I swallow. “Laundry. I opened the wrong door.”
He sets the wood down slowly, as though any sudden motion might tip the entire moment into something dangerous.
“That door stays closed,” he says. No explanation. No softness.
Just a border drawn firmly in the floorboards.
Heat rises in my chest—equal parts frustration and curiosity. “It’s a fuse panel, right? I’ve just never seen one that looks like NASA built it.”
He wipes melted snow from his sleeve, gaze hardening by degrees. “It works. That’s all that matters.”
“That’s not all that matters,” I say. “Most people don’t have that level of tech wired into their cabins. Especially not…handymen.”
Something in his posture shifts—as subtle as a breath, as sharp as a blade.
“Ava,” he warns.
“What?” I push, heart thumping. “You keep insisting you’re just a quiet guy who wants to be left alone. But everything about you screams the opposite.”
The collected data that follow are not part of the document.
lemma incidence_entry:
  "u < n \<Longrightarrow> e < m \<Longrightarrow> F $$ (u, e) = (if u = src e then 1 else if u = dst e then -1 else 0)"
  by (simp add: incidence_mat_def)

lemma edge_ends_nth: "e < m \<Longrightarrow> src e < n \<and> dst e < n \<and> src e \<noteq> dst e"
  using edge_ends[of "src e" "dst e"] by simp

lemma incidence_col_sum:
  assumes e: "e < m"
  shows "(\<Sum>u<n. F $$ (u, e) * h u) = h (src e) - h (dst e)"
proof -
  have "(\<Sum>u<n. F $$ (u, e) * h u) = (\<Sum>u<n. of_bool (u = src e) * h u - of_bool (u = dst e) * h u)"
    by (rule sum.cong) (use edge_ends_nth[OF e] in \<open>auto simp: incidence_entry e\<close>)
  also have "\<dots> = h (src e) - h (dst e)"
    using edge_ends_nth[OF e] by (simp add: sum_subtractf)
  finally show ?thesis .
qed

lemma incidence_sum_swap:
  "(\<Sum>i<n. y i * (\<Sum>e<m. F $$ (i, e) * z e)) = (\<Sum>e<m. z e * (y (src e) - y (dst e)))"
proof -
  have "(\<Sum>i<n. y i * (\<Sum>e<m. F $$ (i, e) * z e)) = (\<Sum>e<m. z e * (\<Sum>i<n. F $$ (i, e) * y i))"
    by (simp add: sum_distrib_left sum_distrib_right mult_ac sum.swap[of _ "{..<m}"])
  also have "\<dots> = (\<Sum>e<m. z e * (y (src e) - y (dst e)))"
    by (simp add: incidence_col_sum)
  finally show ?thesis .
qed

abbreviation "L \<equiv> F * transpose_mat F"

lemma laplacian_carrier: "L \<in> carrier_mat n n"
  using incidence_carrier by auto

lemma laplacian_entry: "i < n \<Longrightarrow> j < n \<Longrightarrow> L $$ (i, j) = (\<Sum>e<m. F $$ (i, e) * F $$ (j, e))"
  using incidence_carrier by (subst index_mult_mat_sum[of F n m "transpose_mat F" n]) auto

lemma laplacian_apply:
  assumes "i < n"
  shows "(\<Sum>j<n. L $$ (i, j) * x j) = (\<Sum>e<m. F $$ (i, e) * (x (src e) - x (dst e)))"
proof -
  have "(\<Sum>j<n. L $$ (i, j) * x j) = (\<Sum>e<m. F $$ (i, e) * (\<Sum>j<n. F $$ (j, e) * x j))"
    using assms by (simp add: laplacian_entry sum_distrib_left sum_distrib_right mult_ac
        sum.swap[of _ "{..<m}"])
  also have "\<dots> = (\<Sum>e<m. F $$ (i, e) * (x (src e) - x (dst e)))"
    by (simp add: incidence_col_sum)
  finally show ?thesis .
qed

lemma laplacian_col_sum: "j < n \<Longrightarrow> (\<Sum>i<n. L $$ (i, j)) = 0"
  using incidence_sum_swap[of "\<lambda>_. 1" "\<lambda>e. F $$ (j, e)"]
  by (simp add: laplacian_entry mult.commute)

lemma laplacian_potential_edge_bound:
  assumes pot: "\<And>i. i < n \<Longrightarrow> (\<Sum>j<n. L $$ (i, j) * \<phi> j) = of_bool (i = v) - 1 / real n"
    and e: "e < m"
  shows "\<bar>\<phi> (src e) - \<phi> (dst e)\<bar> \<le> 1"
proof -
  \<comment> \<open>\<open>S\<close> is the upper side of the cut at the higher endpoint of \<open>e\<close>. Every edge
    crosses it downhill, and the total current across it is \<open>of_bool (v \<in> S) - |S|/n\<close>.\<close>
  define S where "S = {u. max (\<phi> (src e)) (\<phi> (dst e)) \<le> \<phi> u}"
  define cut where
    "cut f = (\<phi> (src f) - \<phi> (dst f)) * (of_bool (src f \<in> S) - of_bool (dst f \<in> S))" for f
  have cut_nonneg: "0 \<le> cut f" for f
    by (auto simp: cut_def S_def)
  have "\<bar>\<phi> (src e) - \<phi> (dst e)\<bar> = cut e"
    by (auto simp: cut_def S_def)
  also have "\<dots> \<le> (\<Sum>f<m. cut f)"
    using e cut_nonneg by (intro member_le_sum) auto
  also have "\<dots> = (\<Sum>i<n. of_bool (i \<in> S) * (\<Sum>j<n. L $$ (i, j) * \<phi> j))"
    by (simp add: cut_def incidence_sum_swap laplacian_apply)
  also have "\<dots> \<le> (\<Sum>i<n. of_bool (i = v))"
    using pot by (intro sum_mono) auto
  also have "\<dots> \<le> 1"
    using card_mono[of "{v}" "{..<n} \<inter> {v}"] by simp
  finally show ?thesis .
qed

definition reg_laplacian :: "real mat" where
  "reg_laplacian = L + mat n n (\<lambda>_. 1 / real n)"

lemma reg_laplacian_carrier: "reg_laplacian \<in> carrier_mat n n"
  using incidence_carrier by (simp add: reg_laplacian_def)

lemma reg_laplacian_entry: "i < n \<Longrightarrow> j < n \<Longrightarrow> reg_laplacian $$ (i, j) = L $$ (i, j) + 1 / real n"
  using incidence_carrier by (simp add: reg_laplacian_def)

lemma reg_laplacian_symmetric: "transpose_mat reg_laplacian = reg_laplacian"
  by (rule eq_matI)
    (use reg_laplacian_carrier in \<open>auto simp: reg_laplacian_entry laplacian_entry mult.commute\<close>)

lemma reg_laplacian_col_sum: "j < n \<Longrightarrow> (\<Sum>i<n. reg_laplacian $$ (i, j)) = 1"
  by (simp add: reg_laplacian_entry sum.distrib laplacian_col_sum)

lemma reg_laplacian_kernel:
  assumes zero: "\<And>i. i < n \<Longrightarrow> (\<Sum>j<n. reg_laplacian $$ (i, j) * x j) = 0" and k: "k < n"
  shows "x k = 0"
proof -
  define s where "s = (\<Sum>j<n. x j)"
  have "s = (\<Sum>j<n. x j * (\<Sum>i<n. reg_laplacian $$ (i, j)))"
    by (simp add: s_def reg_laplacian_col_sum)
  also have "\<dots> = (\<Sum>i<n. \<Sum>j<n. reg_laplacian $$ (i, j) * x j)"
    by (subst sum.swap) (simp add: sum_distrib_left mult.commute)
  finally have s0: "s = 0"
    using zero by simp
  have harmonic: "(\<Sum>e<m. F $$ (i, e) * (x (src e) - x (dst e))) = 0" if "i < n" for i
  proof -
    have "(\<Sum>j<n. reg_laplacian $$ (i, j) * x j) = (\<Sum>j<n. L $$ (i, j) * x j) + s / real n"
      using that by (simp add: reg_laplacian_entry distrib_right sum.distrib s_def sum_divide_distrib)
    then show ?thesis
      using zero[OF that] s0 that by (simp add: laplacian_apply)
  qed
  have "(\<Sum>e<m. (x (src e) - x (dst e))\<^sup>2)
      = (\<Sum>i<n. x i * (\<Sum>e<m. F $$ (i, e) * (x (src e) - x (dst e))))"
    by (simp add: incidence_sum_swap power2_eq_square)
  also have "\<dots> = 0"
    by (simp add: harmonic)
  finally have "\<forall>e<m. x (src e) = x (dst e)"
    by (simp add: sum_nonneg_eq_0_iff)
  then have "\<forall>(a, b) \<in> set es. x a = x b"
    by (auto simp: in_set_conv_nth) (metis fst_conv snd_conv)
  then have "x j = x k" if "j < n" for j
    using edge_constant_imp_constant that k by blast
  then have "s = real n * x k"
    unfolding s_def by simp
  then show ?thesis
    using s0 k by simp
qed

definition reg_laplacian_inv :: "real mat" where
  "reg_laplacian_inv = (SOME M. M \<in> carrier_mat n n \<and> reg_laplacian * M = 1\<^sub>m n)"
“I didn’t ask you to analyze me,” he says, voice dropping lower.
“And I didn’t ask to share a roof with a stranger who has a bunker system hidden behind a mop closet.”
His jaw ticks, a flare of something dark flickering in his eyes. Not anger. Not quite. More like fear dressed up as irritation.
“You don’t need to worry about the security system,” he says tightly. “It keeps people out.”
“People?” I repeat. “Or someone specific?”
His gaze snaps to mine—sharp, guarded, unreadable.
I take a step closer before I can stop myself. “Just be honest with me. Are you in some kind of trouble?”
He looks away too fast. “No.”
He’s lying. It’s obvious. It’s blunt. It hits me like a cold gust straight to the ribs.
“Then why all of this?” My voice softens despite the frustration threading through it. “Why the cameras? Why the tech? Why hide your name from the internet?”
He doesn’t move. Doesn’t blink. His stillness is unnerving—like a man calcifying to avoid cracking.
“That’s enough,” he murmurs, tone cutting off the conversation like a locked door. “Drop it.”
“You can’t expect me not to ask questions.”
“And you can’t expect me to answer them.”
The space between us tightens—charged, strained, full of unsaid things. My heart beats too hard, too loud. Something deep inside me stings—not because he’s dangerous, but because he’s wounded and fighting tooth and nail to stay that way.
“Fine,” I say quietly. “If you don’t want to trust me, that’s your choice.”
He flinches almost imperceptibly, as if the word trust hit something raw. But he turns away. Walks past me. Doesn’t look back.
The air he leaves behind feels colder than the storm outside.
I stand there, hand still on the closet knob, pulse thudding, mind spinning a dozen different theories that refuse to settle.
There is something in this cabin he is hiding. Something real. Something heavy.
And no matter how tightly he clamps his jaw or how carefully he closes that closet door…
I can feel the truth pressing against the walls like a storm waiting to break.